Output nothing but the lines from the first line of the entries to the line with "h \<le> \<rho> \<Longrightarrow>", inclusive, exactly as they read.

● ● ● ● ●

lemma qnorm_power_decay:
  assumes h: "0 < h" and K: "\<forall>l. cmod l \<le> \<rho> \<longrightarrow> qnorm (resolvent l) \<le> K"
    and hK: "norm B * K\<^sup>2 * h \<le> 1 / 8"
  shows "real k * (h / 2) + h \<le> \<rho> \<Longrightarrow> (\<lambda>n. (real k * (h / 2)) ^ n * qnorm (B ^ n)) \<longlonglongrightarrow> 0"
proof (induct k)
  case 0
  have "eventually (\<lambda>n. (real 0 * (h / 2)) ^ n * qnorm (B ^ n) = 0) sequentially"
    using eventually_gt_at_top[of 0] by (rule eventually_mono) simp
  then show ?case
    by (rule tendsto_eventually)
next
  case (Suc k)
  have "real k * (h / 2) \<le> real (Suc k) * (h / 2)"
    using h by (intro mult_right_mono) auto
  then have "real k * (h / 2) + h \<le> \<rho>"
    using Suc.prems by linarith
  then have "(\<lambda>n. (real k * (h / 2) + h / 2) ^ n * qnorm (B ^ n)) \<longlonglongrightarrow> 0"
    using qnorm_power_decay_step[OF _ h(1) _ K hK Suc.hyps] h by simp
  moreover have "real k * (h / 2) + h / 2 = real (Suc k) * (h / 2)"
    by (simp add: distrib_right)
  ultimately show ?case
    by (metis (no_types))
qed

lemma contradiction: False
proof -
  obtain B' where B': "B' \<in> bicommutant" "B * B' - 1 \<in> M"
    using inverse_mod_ideal[OF B_in_bicommutant] no_value[of 0] by auto
  define Q where "Q = qnorm B'"
  obtain K where K: "\<forall>l. cmod l \<le> Q + 2 \<longrightarrow> qnorm (resolvent l) \<le> K"
    using qnorm_resolvent_bounded by blast
  define h where "h = min 1 (1 / (8 * (norm B * K\<^sup>2 + 1)))"
  have h: "0 < h" "h \<le> 1"
    by (simp_all add: h_def add_nonneg_pos)
  have pos: "0 < norm B * K\<^sup>2 + 1"
    by (simp add: add_nonneg_pos)
  have "norm B * K\<^sup>2 * h \<le> (norm B * K\<^sup>2 + 1) * (1 / (8 * (norm B * K\<^sup>2 + 1)))"
    using h by (intro mult_mono) (auto simp: h_def)
  also have "\<dots> = 1 / 8"
    using pos by simp
  finally have hK: "norm B * K\<^sup>2 * h \<le> 1 / 8" .
  define k where "k = nat \<lceil>Q / (h / 2)\<rceil>"
  define s where "s = real k * (h / 2)"
  have "0 \<le> Q / (h / 2)"
    using qnorm_nonneg[of B'] h by (simp add: Q_def)
  then have "Q / (h / 2) \<le> real k" "real k < Q / (h / 2) + 1"
    using ceiling_correct[of "Q / (h / 2)"] unfolding k_def by auto
  then have Qs: "Q \<le> s" "s + h \<le> Q + 2"
    using h by (auto simp: s_def field_simps)
  then obtain n where n: "s ^ n * qnorm (B ^ n) < 1"
    using order_tendstoD(2)[OF qnorm_power_decay[OF h(1) K hK], of k 1]
    by (auto simp: s_def dest: eventually_happens)
  have "1 \<le> qnorm (B ^ n) * Q ^ n"
    unfolding Q_def by (rule one_le_qnorm_power_mult_power[OF B_in_bicommutant B'])
  also have "\<dots> \<le> qnorm (B ^ n) * s ^ n"
    using Qs qnorm_nonneg[of B'] qnorm_nonneg by (intro mult_left_mono power_mono) (auto simp: Q_def)
  finally show False
    using n by (simp add: mult.commute)
qed

end

context bicomm_quotient
begin

theorem gelfand_mazur:
  assumes "X \<in> bicommutant"
  shows "\<exists>c. X - scalar_bop c \<in> M"
proof (rule ccontr)
  assume "\<not> (\<exists>c. X - scalar_bop c \<in> M)"
  then interpret no_scalar_value T S M X
    using assms by unfold_locales blast+
  show False
    by (rule contradiction)
qed

end

section \<open>Characters and the spectrum\<close>

context commuting_bops
begin

definition character :: "'a bop set \<Rightarrow> 'a bop \<Rightarrow> complex" where
  "character M X = (THE c. X - scalar_bop c \<in> M)"

end

context bicomm_quotient
begin

lemma character_eqI: "X - scalar_bop c \<in> M \<Longrightarrow> character M X = c"
  unfolding character_def using scalar_value_unique by blast

lemma character_mod_ideal: "X \<in> bicommutant \<Longrightarrow> X - scalar_bop (character M X) \<in> M"
  using gelfand_mazur character_eqI by metis

lemma character_in_bop_spectrum: "X \<in> bicommutant \<Longrightarrow> character M X \<in> bop_spectrum X"
  using character_mod_ideal not_invertible_if_in_ideal unfolding bop_spectrum_def by blast

lemma character_T_plus_ii_S:
  "character M (T + scalar_bop \<i> * S) = character M T + \<i> * character M S"
proof (rule character_eqI)
  have "(T + scalar_bop \<i> * S) - scalar_bop (character M T + \<i> * character M S)
      = (T - scalar_bop (character M T)) + scalar_bop \<i> * (S - scalar_bop (character M S))"
    by (simp add: scalar_bop_add right_diff_distrib mult.assoc scalar_bop_mult)
  also have "\<dots> \<in> M"
    by (intro ideal_add ideal_scalar_mult character_mod_ideal T_in_bicommutant S_in_bicommutant)
  finally show "(T + scalar_bop \<i> * S) - scalar_bop (character M T + \<i> * character M S) \<in> M" .
qed

end

context commuting_bops
begin

lemma bop_spectrum_eq_characters:
  assumes "X \<in> bicommutant"
  shows "bop_spectrum X = (\<lambda>M. character M X) ` {M. maximal_bicomm_ideal M}"
proof (intro equalityI subsetI)
  fix l assume "l \<in> bop_spectrum X"
  then obtain M where M: "maximal_bicomm_ideal M" "X - scalar_bop l \<in> M"
    using maximal_bicomm_ideal_if_not_invertible assms
    by (auto simp: bop_spectrum_def intro: bicommutant_diff scalar_in_bicommutant)
  then interpret bicomm_quotient T S M
    by unfold_locales
  show "l \<in> (\<lambda>M. character M X) ` {M. maximal_bicomm_ideal M}"
    using M character_eqI by force
next
  fix l assume "l \<in> (\<lambda>M. character M X) ` {M. maximal_bicomm_ideal M}"
  then obtain M where "maximal_bicomm_ideal M" "l = character M X"
    by blast
  then interpret bicomm_quotient T S M
    by unfold_locales
  show "l \<in> bop_spectrum X"
    using \<open>l = character M X\<close> character_in_bop_spectrum assms by simp
qed

lemma bop_spectral_radius_le_of_real_spectra:
  assumes "bop_spectrum T \<subseteq> \<real>" and "bop_spectrum S \<subseteq> \<real>"
  shows "max (bop_spectral_radius T) (bop_spectral_radius S)
           \<le> bop_spectral_radius (T + scalar_bop \<i> * S)"
proof -
  let ?A = "T + scalar_bop \<i> * S"
  let ?\<M> = "{M. maximal_bicomm_ideal M}"
  have A: "?A \<in> bicommutant"
    by (intro bicommutant_add bicommutant_mult scalar_in_bicommutant T_in_bicommutant
        S_in_bicommutant)
  have radius: "bop_spectral_radius X = (SUP M\<in>?\<M>. cmod (character M X))"
    if "X \<in> bicommutant" for X
    using that by (simp add: bop_spectral_radius_def bop_spectrum_eq_characters image_image)
  have dominated: "cmod (character M T) \<le> cmod (character M ?A)"
    "cmod (character M S) \<le> cmod (character M ?A)" if "M \<in> ?\<M>" for M
  proof -
    interpret bicomm_quotient T S M
      using that by unfold_locales simp
    have "character M T \<in> \<real>" "character M S \<in> \<real>"
      using assms character_in_bop_spectrum T_in_bicommutant S_in_bicommutant by blast+
    then show "cmod (character M T) \<le> cmod (character M ?A)"
      "cmod (character M S) \<le> cmod (character M ?A)"
      unfolding character_T_plus_ii_S by (auto elim!: Reals_cases simp: norm_complex_def)
  qed
  have bdd: "bdd_above ((\<lambda>M. cmod (character M ?A)) ` ?\<M>)"
    using bdd_above_cmod_bop_spectrum[of ?A] by (simp add: bop_spectrum_eq_characters[OF A] image_image)
  show ?thesis
    unfolding radius[OF T_in_bicommutant] radius[OF S_in_bicommutant] radius[OF A]
    using dominated bdd
    by (cases "?\<M> = {}") (simp_all del: Collect_empty_eq, (intro conjI cSUP_mono; blast))
qed

end

theorem lemma2p15:
  fixes T S :: "'a::complex_banach \<Rightarrow> 'a"
  assumes "bounded_clinear_op T" and "bounded_clinear_op S"
    and "T \<circ> S = S \<circ> T"
    and "op_spectrum T \<subseteq> \<real>" and "op_spectrum S \<subseteq> \<real>"
  shows "max (spectral_radius_op T) (spectral_radius_op S)
           \<le> spectral_radius_op (\<lambda>x. T x + scaleC \<i> (S x))"
proof -
  have A: "bounded_clinear_op (\<lambda>x. T x + scaleC \<i> (S x))"
    using assms(1,2) by (intro bounded_clinear_op_add bounded_clinear_op_compose[OF bounded_clinear_op_scaleC])
  interpret commuting_bops "Bop T" "Bop S"
    by unfold_locales (rule bop_eqI, use assms(3) in \<open>simp add: bop_apply_Bop assms(1,2) fun_eq_iff\<close>)
  have "Bop (\<lambda>x. T x + scaleC \<i> (S x)) = Bop T + scalar_bop \<i> * Bop S"
    by (rule bop_eqI) (simp add: bop_apply_Bop assms(1,2) A)
  then show ?thesis
    using bop_spectral_radius_le_of_real_spectra assms A
    by (simp add: spectral_radius_op_eq_bop_spectral_radius op_spectrum_eq_bop_spectrum)
qed

end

● ● ● ● ●

→ Response area
lemma qnorm_power_decay:
  assumes h: "0 < h" and K: "\<forall>l. cmod l \<le> \<rho> \<longrightarrow> qnorm (resolvent l) \<le> K"
    and hK: "norm B * K\<^sup>2 * h \<le> 1 / 8"
  shows "real k * (h / 2) + h \<le> \<rho> \<Longrightarrow> (\<lambda>n. (real k * (h / 2)) ^ n * qnorm (B ^ n)) \<longlonglongrightarrow> 0"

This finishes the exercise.